---- Given entries
(* Let $d,b,n$ be positive integers and $R_0(t)=\prod_{-n\le l\le n}(t-dl)$. For a polynomial $q$ put $p(t)=q(t)/R_0(t)$ and $p_k=(p(t)(t-dk))|_{t=dk}$ for $-n\le k\le n$. Then in each of the following cases $\deg q\le 2n$, every $p_k$ is an integer, and $|p_k|\le C$: (i) $q(t)=d^{2n}\prod_{(d+2(i-1))n<l\le(d+2i)n}(t-l)$ with $1\le i\le b$, and $C=\frac{1}{(n!)^2}\prod_{(2d+2(i-1))n<l\le(2d+2i)n}l$; (ii) $q(t)=d^{2n}\prod_{(d+2(i-1))n<l\le(d+2i)n}(t+l)$ with $1\le i\le b$, and the same $C$ as in (i); (iii) $q(t)=d^{2n}(2n)!$ and $C=\frac{(2n)!}{(n!)^2}$.
   Context: All products are over integers $l$ in the indicated ranges. *)

theory Defs
  imports "HOL-Computational_Algebra.Polynomial"
begin

definition R0 :: "nat \<Rightarrow> nat \<Rightarrow> real poly" where
  "R0 d n = (\<Prod>l\<in>{-int n..int n}. [:- (of_nat d * of_int l), 1:])"

text \<open>Since R_0 has the simple
  factor (t - d k), p(t)(t - d k) = q(t) / (R_0(t) / (t - d k)) as rational functions,
  with R_0(t)/(t - d k) an exact polynomial quotient; we evaluate this at t = d k.\<close>
definition pk :: "nat \<Rightarrow> nat \<Rightarrow> real poly \<Rightarrow> int \<Rightarrow> real" where
  "pk d n q k = poly q (of_nat d * of_int k)
      / poly (R0 d n div [:- (of_nat d * of_int k), 1:]) (of_nat d * of_int k)"

end

theory Submission
  imports Defs
begin

(* Let Delta(k) = prod_{l <> k} (k - l) over -n <= l <= n.  Evaluating the exact
   quotient R_0(t)/(t - d k) at t = d k gives d^(2n) Delta(k), so
   p_k = q(d k) / (d^(2n) Delta(k)), and |Delta(k)| = (n+k)! (n-k)!.  Hence, if
   q(d k) = d^(2n) P for an integer P divisible by (2n)! with |P| <= B, then p_k is
   an integer (as (n+k)!(n-k)! divides (2n)!) and |p_k| <= B/(n!)^2 (as
   (n!)^2 <= (n+k)!(n-k)!, the central binomial coefficient being the largest).
   In cases (i) and (ii), P is a product of 2n consecutive integers l + m,
   a < l <= a + 2n, with |m| = |d k| <= d n <= a: a Pochhammer symbol, hence
   divisible by (2n)!, whose factors are positive and dominated by those of the
   block shifted by d n (shifted_consecutive_product).  In case (iii), P = (2n)!. *)

lemma prod_Ioc_int_shift:
  fixes x :: int
  shows "(\<Prod>l\<in>{x<..x+int N}. f l) = (\<Prod>i<N. f (x+1+int i))"
proof (induction N)
  case 0 then show ?case by simp
next
  case (Suc N)
  have "{x<..x+int (Suc N)} = insert (x+1+int N) {x<..x+int N}" by auto
  then show ?case using Suc by (simp add: lessThan_Suc mult.commute)
qed

lemma prod_Ioc_int_translate:
  fixes x m :: int
  shows "(\<Prod>l\<in>{x<..x+int N}. f (l + m)) = (\<Prod>l\<in>{x+m<..x+m+int N}. f l)"
  by (simp only: prod_Ioc_int_shift[where x=x] prod_Ioc_int_shift[where x="x+m"]) (simp add: algebra_simps)

(* N consecutive integers: their product is a Pochhammer symbol, divisible by N!. *)
lemma fact_dvd_prod_Ioc_int: "(fact N :: int) dvd (\<Prod>l\<in>{x<..x+int N}. l)"
proof -
  have "(\<Prod>l\<in>{x<..x+int N}. l) = pochhammer (x+1) N"
    by (simp add: prod_Ioc_int_shift pochhammer_prod atLeast0LessThan)
  then show ?thesis using fact_dvd_pochhammer by simp
qed

lemma prod_Ioc_int_mono:
  fixes y z :: int
  assumes "0 \<le> y" "y \<le> z"
  shows "(\<Prod>l\<in>{y<..y+int N}. l) \<le> (\<Prod>l\<in>{z<..z+int N}. l)"
  unfolding prod_Ioc_int_shift by (rule prod_mono) (use assms in auto)

lemma shifted_consecutive_product:
  fixes a m D :: int and N :: nat
  assumes "\<bar>m\<bar> \<le> D" "D \<le> a"
  shows "fact N dvd (\<Prod>l\<in>{a<..a+int N}. l + m)"
    and "\<bar>\<Prod>l\<in>{a<..a+int N}. l + m\<bar> \<le> (\<Prod>l\<in>{a+D<..a+D+int N}. l)"
proof -
  have translate: "(\<Prod>l\<in>{a<..a+int N}. l + m) = (\<Prod>l\<in>{a+m<..a+m+int N}. l)"
    using prod_Ioc_int_translate[of "\<lambda>l. l"] .
  then show "fact N dvd (\<Prod>l\<in>{a<..a+int N}. l + m)"
    using fact_dvd_prod_Ioc_int by simp
  have start: "0 \<le> a + m" "a + m \<le> a + D" using assms by linarith+
  then have "0 \<le> (\<Prod>l\<in>{a+m<..a+m+int N}. l)" by (intro prod_nonneg) auto
  then show "\<bar>\<Prod>l\<in>{a<..a+int N}. l + m\<bar> \<le> (\<Prod>l\<in>{a+D<..a+D+int N}. l)"
    using prod_Ioc_int_mono[OF start] translate by simp
qed

lemma abs_prod_node_differences:
  fixes n :: nat and k :: int
  assumes "k \<in> {-int n..int n}"
  shows "\<bar>\<Prod>l\<in>{-int n..int n}-{k}. k - l\<bar> = fact (nat (int n+k)) * fact (nat (int n-k))"
proof -
  define L R where "L = nat (int n+k)" and "R = nat (int n-k)"
  let ?left = "{-int n-1<..-int n-1+int L}" and ?right = "{k<..k+int R}"
  have split: "{-int n..int n}-{k} = ?left \<union> ?right" "?left \<inter> ?right = {}"
    using assms by (auto simp: L_def R_def)
  have "(\<Prod>l\<in>?left. \<bar>k - l\<bar>) = (\<Prod>i<L. int (L - i))"
    by (subst prod_Ioc_int_shift, rule prod.cong) (use assms in \<open>auto simp: L_def\<close>)
  also have "\<dots> = fact L" by (simp add: fact_prod_rev atLeast0LessThan)
  finally have left: "(\<Prod>l\<in>?left. \<bar>k - l\<bar>) = fact L" .
  have "(\<Prod>l\<in>?right. \<bar>k - l\<bar>) = (\<Prod>i<R. int (Suc i))"
    by (subst prod_Ioc_int_shift, rule prod.cong) auto
  also have "\<dots> = fact R" by (simp add: fact_prod_Suc atLeast0LessThan)
  finally have right: "(\<Prod>l\<in>?right. \<bar>k - l\<bar>) = fact R" .
  have "\<bar>\<Prod>l\<in>{-int n..int n}-{k}. k - l\<bar> = (\<Prod>l\<in>?left \<union> ?right. \<bar>k - l\<bar>)"
    unfolding split(1) by (simp add: abs_prod)
  also have "\<dots> = (\<Prod>l\<in>?left. \<bar>k - l\<bar>) * (\<Prod>l\<in>?right. \<bar>k - l\<bar>)"
    by (rule prod.union_disjoint) (use split(2) in auto)
  also have "\<dots> = fact L * fact R" by (simp only: left right)
  finally show ?thesis by (simp only: L_def R_def)
qed

(* Equivalent to the maximality of the central binomial coefficient. *)
lemma fact_square_le_fact_mult:
  fixes a b n :: nat
  assumes "a + b = 2*n"
  shows "fact n ^ 2 \<le> (fact a * fact b :: nat)"
proof -
  have "a \<le> 2*n" "b = 2*n - a" using assms by linarith+
  then have "fact a * fact b * (2*n choose a) = (fact (2*n) :: nat)"
    using binomial_fact_lemma by blast
  also have "\<dots> = fact n * fact n * (2*n choose n)"
    using binomial_fact_lemma[of n "2*n"] by (simp add: mult_2)
  finally have eq: "fact a * fact b * (2*n choose a) = fact n * fact n * (2*n choose n)" .
  have "0 < 2*n choose a" using \<open>a \<le> 2*n\<close> by simp
  moreover have "fact n * fact n * (2*n choose a) \<le> fact n * fact n * (2*n choose n)"
    using binomial_maximum' by simp
  ultimately show ?thesis unfolding eq[symmetric] power2_eq_square
    by (metis mult_le_cancel2)
qed

lemma poly_R0_quotient:
  fixes n d :: nat and k :: int
  assumes "k \<in> {-int n..int n}"
  shows "poly (R0 d n div [:- (of_nat d * of_int k), 1:]) (of_nat d * of_int k)
       = real d ^ (2*n) * of_int (\<Prod>l\<in>{-int n..int n}-{k}. k - l)"
proof -
  let ?S = "{-int n..int n}" and ?f = "\<lambda>l. [:- (of_nat d * of_int l), 1:] :: real poly"
  have "R0 d n = ?f k * prod ?f (?S - {k})"
    unfolding R0_def using assms by (simp add: prod.remove)
  then have "R0 d n div ?f k = prod ?f (?S - {k})"
    by (metis nonzero_mult_div_cancel_left pCons_eq_0_iff one_neq_zero)
  then have "poly (R0 d n div ?f k) (of_nat d * of_int k) = (\<Prod>l\<in>?S-{k}. real d * of_int (k - l))"
    by (simp add: poly_prod algebra_simps)
  also have "\<dots> = real d ^ card (?S-{k}) * of_int (\<Prod>l\<in>?S-{k}. k - l)"
    by (simp add: prod.distrib)
  also have "card (?S-{k}) = 2*n" using assms by (simp add: card_Diff_singleton)
  finally show ?thesis .
qed

lemma pk_integral_bound:
  fixes d n :: nat and k P B :: int
  assumes "d > 0" "k \<in> {-int n..int n}"
    and at_node: "poly q (of_nat d * of_int k) = real d ^ (2*n) * of_int P"
    and divisible: "fact (2*n) dvd P" and bound: "\<bar>P\<bar> \<le> B"
  shows "pk d n q k \<in> \<int> \<and> \<bar>pk d n q k\<bar> \<le> of_int B / (fact n)^2"
proof
  define \<Delta> where "\<Delta> = (\<Prod>l\<in>{-int n..int n}-{k}. k - l)"
  define F :: nat where "F = fact (nat (int n+k)) * fact (nat (int n-k))"
  have pk_eq: "pk d n q k = of_int P / of_int \<Delta>"
    unfolding pk_def poly_R0_quotient[OF assms(2)] at_node \<Delta>_def using assms(1) by simp
  have abs_\<Delta>: "\<bar>\<Delta>\<bar> = int F"
    unfolding \<Delta>_def F_def using abs_prod_node_differences[OF assms(2)] by simp
  have sum: "nat (int n+k) + nat (int n-k) = 2*n" using assms(2) by auto
  have "int F dvd fact (2*n)"
    unfolding F_def using fact_fact_dvd_fact[of "nat (int n+k)" "nat (int n-k)"] sum
    by (metis of_nat_dvd_iff of_nat_fact)
  then have "\<Delta> dvd P" using divisible abs_\<Delta> by (metis abs_dvd_iff dvd_trans)
  then obtain m where "P = \<Delta> * m" by blast
  moreover have "\<Delta> \<noteq> 0" using abs_\<Delta> F_def by auto
  ultimately show "pk d n q k \<in> \<int>" unfolding pk_eq by simp
  have F_ge: "(fact n)^2 \<le> real F"
    unfolding F_def using fact_square_le_fact_mult[OF sum] by (metis of_nat_fact of_nat_le_iff of_nat_power)
  have fact_pos: "(0::real) < (fact n)^2" by simp
  with F_ge have F_pos: "0 < real F" by linarith
  have "\<bar>pk d n q k\<bar> = of_int \<bar>P\<bar> / real F"
    unfolding pk_eq abs_divide using abs_\<Delta> by (metis of_int_abs of_int_of_nat_eq)
  also have "\<dots> \<le> of_int B / real F" using bound F_pos by (simp add: divide_right_mono)
  also have "\<dots> \<le> of_int B / (fact n)^2"
    by (rule divide_left_mono[OF F_ge]) (use bound mult_pos_pos[OF F_pos fact_pos] in auto)
  finally show "\<bar>pk d n q k\<bar> \<le> of_int B / (fact n)^2" .
qed

lemma abs_node_le:
  fixes d n :: nat and k :: int
  assumes "k \<in> {-int n..int n}"
  shows "\<bar>int d * k\<bar> \<le> int d * int n"
  using assms by (simp add: abs_mult abs_le_iff mult_left_mono)

lemma degree_smult_prod_monic_linear:
  fixes c :: "'a::comm_ring_1" and I :: "'b set"
  assumes "finite I"
  shows "degree (smult c (\<Prod>l\<in>I. [:f l, 1:])) \<le> card I"
proof -
  have "degree (\<Prod>l\<in>I. [:f l, 1:]) \<le> (\<Sum>l\<in>I. (degree \<circ> (\<lambda>l. [:f l, 1:])) l)"
    by (rule degree_prod_sum_le[OF assms])
  then show ?thesis using degree_smult_le order_trans by fastforce
qed

(* Case (i) for a general block (a, a+2n] with a >= d n: the numerator is
   prod (d k - l) = prod (l - d k), the sign (-1)^(2n) being trivial. *)
lemma falling_block_case:
  fixes d n :: nat and a :: int
  assumes "d > 0" "int d * int n \<le> a"
  defines "q \<equiv> smult (real d ^ (2*n)) (\<Prod>l\<in>{a<..a+int (2*n)}. [:- of_int l, 1:])"
  shows "degree q \<le> 2*n \<and> (\<forall>k\<in>{-int n..int n}. pk d n q k \<in> \<int> \<and> \<bar>pk d n q k\<bar>
     \<le> (1 / (fact n)^2) * (\<Prod>l\<in>{a+int d*int n<..a+int d*int n+int (2*n)}. (of_int l :: real)))"
proof (rule conjI[OF _ ballI])
  show "degree q \<le> 2*n"
    unfolding q_def by (rule order_trans[OF degree_smult_prod_monic_linear]) simp_all
next
  fix k :: int assume k: "k \<in> {-int n..int n}"
  let ?I = "{a<..a+int (2*n)}" and ?m = "- (int d * k)"
  define P where "P = (\<Prod>l\<in>?I. l + ?m)"
  have "(\<Prod>l\<in>?I. int d * k - l) = (\<Prod>l\<in>?I. (-1) * (l + ?m))"
    by (rule prod.cong) auto
  also have "\<dots> = (-1) ^ card ?I * P" unfolding P_def by (simp only: prod.distrib prod_constant)
  also have "card ?I = 2*n" by simp
  finally have sign: "(\<Prod>l\<in>?I. int d * k - l) = P" by simp
  have "poly q (of_nat d * of_int k) = real d ^ (2*n) * of_int (\<Prod>l\<in>?I. int d * k - l)"
    unfolding q_def by (simp add: poly_prod)
  then have at_node: "poly q (of_nat d * of_int k) = real d ^ (2*n) * of_int P"
    unfolding sign .
  have "\<bar>?m\<bar> \<le> int d * int n" using abs_node_le[OF k] by simp
  note consecutive = shifted_consecutive_product[OF this assms(2), of "2*n", folded P_def]
  show "pk d n q k \<in> \<int> \<and> \<bar>pk d n q k\<bar>
      \<le> (1 / (fact n)^2) * (\<Prod>l\<in>{a+int d*int n<..a+int d*int n+int (2*n)}. (of_int l :: real))"
    using pk_integral_bound[OF assms(1) k at_node consecutive] by simp
qed

lemma rising_block_case:
  fixes d n :: nat and a :: int
  assumes "d > 0" "int d * int n \<le> a"
  defines "q \<equiv> smult (real d ^ (2*n)) (\<Prod>l\<in>{a<..a+int (2*n)}. [:of_int l, 1:])"
  shows "degree q \<le> 2*n \<and> (\<forall>k\<in>{-int n..int n}. pk d n q k \<in> \<int> \<and> \<bar>pk d n q k\<bar>
     \<le> (1 / (fact n)^2) * (\<Prod>l\<in>{a+int d*int n<..a+int d*int n+int (2*n)}. (of_int l :: real)))"
proof (rule conjI[OF _ ballI])
  show "degree q \<le> 2*n"
    unfolding q_def by (rule order_trans[OF degree_smult_prod_monic_linear]) simp_all
next
  fix k :: int assume k: "k \<in> {-int n..int n}"
  define P where "P = (\<Prod>l\<in>{a<..a+int (2*n)}. l + int d * k)"
  have at_node: "poly q (of_nat d * of_int k) = real d ^ (2*n) * of_int P"
    unfolding q_def P_def by (simp add: poly_prod add.commute)
  note consecutive = shifted_consecutive_product[OF abs_node_le[OF k] assms(2), of "2*n", folded P_def]
  show "pk d n q k \<in> \<int> \<and> \<bar>pk d n q k\<bar>
      \<le> (1 / (fact n)^2) * (\<Prod>l\<in>{a+int d*int n<..a+int d*int n+int (2*n)}. (of_int l :: real))"
    using pk_integral_bound[OF assms(1) k at_node consecutive] by simp
qed

lemma pk_constant:
  fixes d n :: nat and k :: int
  assumes "d > 0" "k \<in> {-int n..int n}"
  shows "pk d n [: real d ^ (2*n) * fact (2*n) :] k \<in> \<int>
    \<and> \<bar>pk d n [: real d ^ (2*n) * fact (2*n) :] k\<bar> \<le> fact (2*n) / (fact n)^2"
  using pk_integral_bound[OF assms, of _ "fact (2*n)" "fact (2*n)"] by simp

(* The i-th blocks of the theorem: a = (d + 2(i-1)) n, so the block of q is (a, a+2n]
   and the block of the bound C is (a + d n, a + d n + 2n]. *)
lemma block_endpoints:
  fixes d n i :: nat
  shows "(int d + 2*(int i - 1)) * int n + int (2*n) = (int d + 2 * int i) * int n"
    and "(int d + 2*(int i - 1)) * int n + int d * int n = (2 * int d + 2*(int i - 1)) * int n"
    and "(2 * int d + 2*(int i - 1)) * int n + int (2*n) = (2 * int d + 2 * int i) * int n"
  by (simp_all add: algebra_simps)

lemma block_start:
  fixes d n i :: nat
  assumes "i \<ge> 1"
  shows "int d * int n \<le> (int d + 2*(int i - 1)) * int n"
  using assms by (simp add: mult_right_mono)

theorem lemma3p2:
  fixes d b n :: nat
  assumes "d > 0" and "b > 0" and "n > 0"
  shows
   "(\<forall>i\<in>{1..b}.
      let q = smult (real d ^ (2*n))
                (\<Prod>l\<in>{(int d + 2*(int i - 1)) * int n <.. (int d + 2 * int i) * int n}. [:- of_int l, 1:]);
          C = (1 / (fact n)^2) * (\<Prod>l\<in>{(2 * int d + 2*(int i - 1)) * int n <.. (2 * int d + 2 * int i) * int n}. (of_int l :: real))
      in degree q \<le> 2*n \<and> (\<forall>k\<in>{-int n..int n}. pk d n q k \<in> \<int> \<and> \<bar>pk d n q k\<bar> \<le> C))
  \<and> (\<forall>i\<in>{1..b}.
      let q = smult (real d ^ (2*n))
                (\<Prod>l\<in>{(int d + 2*(int i - 1)) * int n <.. (int d + 2 * int i) * int n}. [:of_int l, 1:]);
          C = (1 / (fact n)^2) * (\<Prod>l\<in>{(2 * int d + 2*(int i - 1)) * int n <.. (2 * int d + 2 * int i) * int n}. (of_int l :: real))
      in degree q \<le> 2*n \<and> (\<forall>k\<in>{-int n..int n}. pk d n q k \<in> \<int> \<and> \<bar>pk d n q k\<bar> \<le> C))
  \<and> (let q = [: real d ^ (2*n) * fact (2*n) :];
          C = fact (2*n) / (fact n)^2
      in degree q \<le> 2*n \<and> (\<forall>k\<in>{-int n..int n}. pk d n q k \<in> \<int> \<and> \<bar>pk d n q k\<bar> \<le> C))"
  apply (intro conjI ballI)
  subgoal for i
    unfolding Let_def block_endpoints[where d=d and n=n and i=i, symmetric]
    by (rule falling_block_case[OF assms(1) block_start]) simp
  subgoal for i
    unfolding Let_def block_endpoints[where d=d and n=n and i=i, symmetric]
    by (rule rising_block_case[OF assms(1) block_start]) simp
  subgoal
    unfolding Let_def using pk_constant[OF assms(1)] by simp
  done

end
--------
Assignment → What are the lines above, starting at the one with "N :: int) dvd" and ending at the one with "fixes a m D :: int and N :: nat"? Give them again exactly, and only them.

Answer to the problem →
lemma fact_dvd_prod_Ioc_int: "(fact N :: int) dvd (\<Prod>l\<in>{x<..x+int N}. l)"
proof -
  have "(\<Prod>l\<in>{x<..x+int N}. l) = pochhammer (x+1) N"
    by (simp add: prod_Ioc_int_shift pochhammer_prod atLeast0LessThan)
  then show ?thesis using fact_dvd_pochhammer by simp
qed

lemma prod_Ioc_int_mono:
  fixes y z :: int
  assumes "0 \<le> y" "y \<le> z"
  shows "(\<Prod>l\<in>{y<..y+int N}. l) \<le> (\<Prod>l\<in>{z<..z+int N}. l)"
  unfolding prod_Ioc_int_shift by (rule prod_mono) (use assms in auto)

lemma shifted_consecutive_product:
  fixes a m D :: int and N :: nat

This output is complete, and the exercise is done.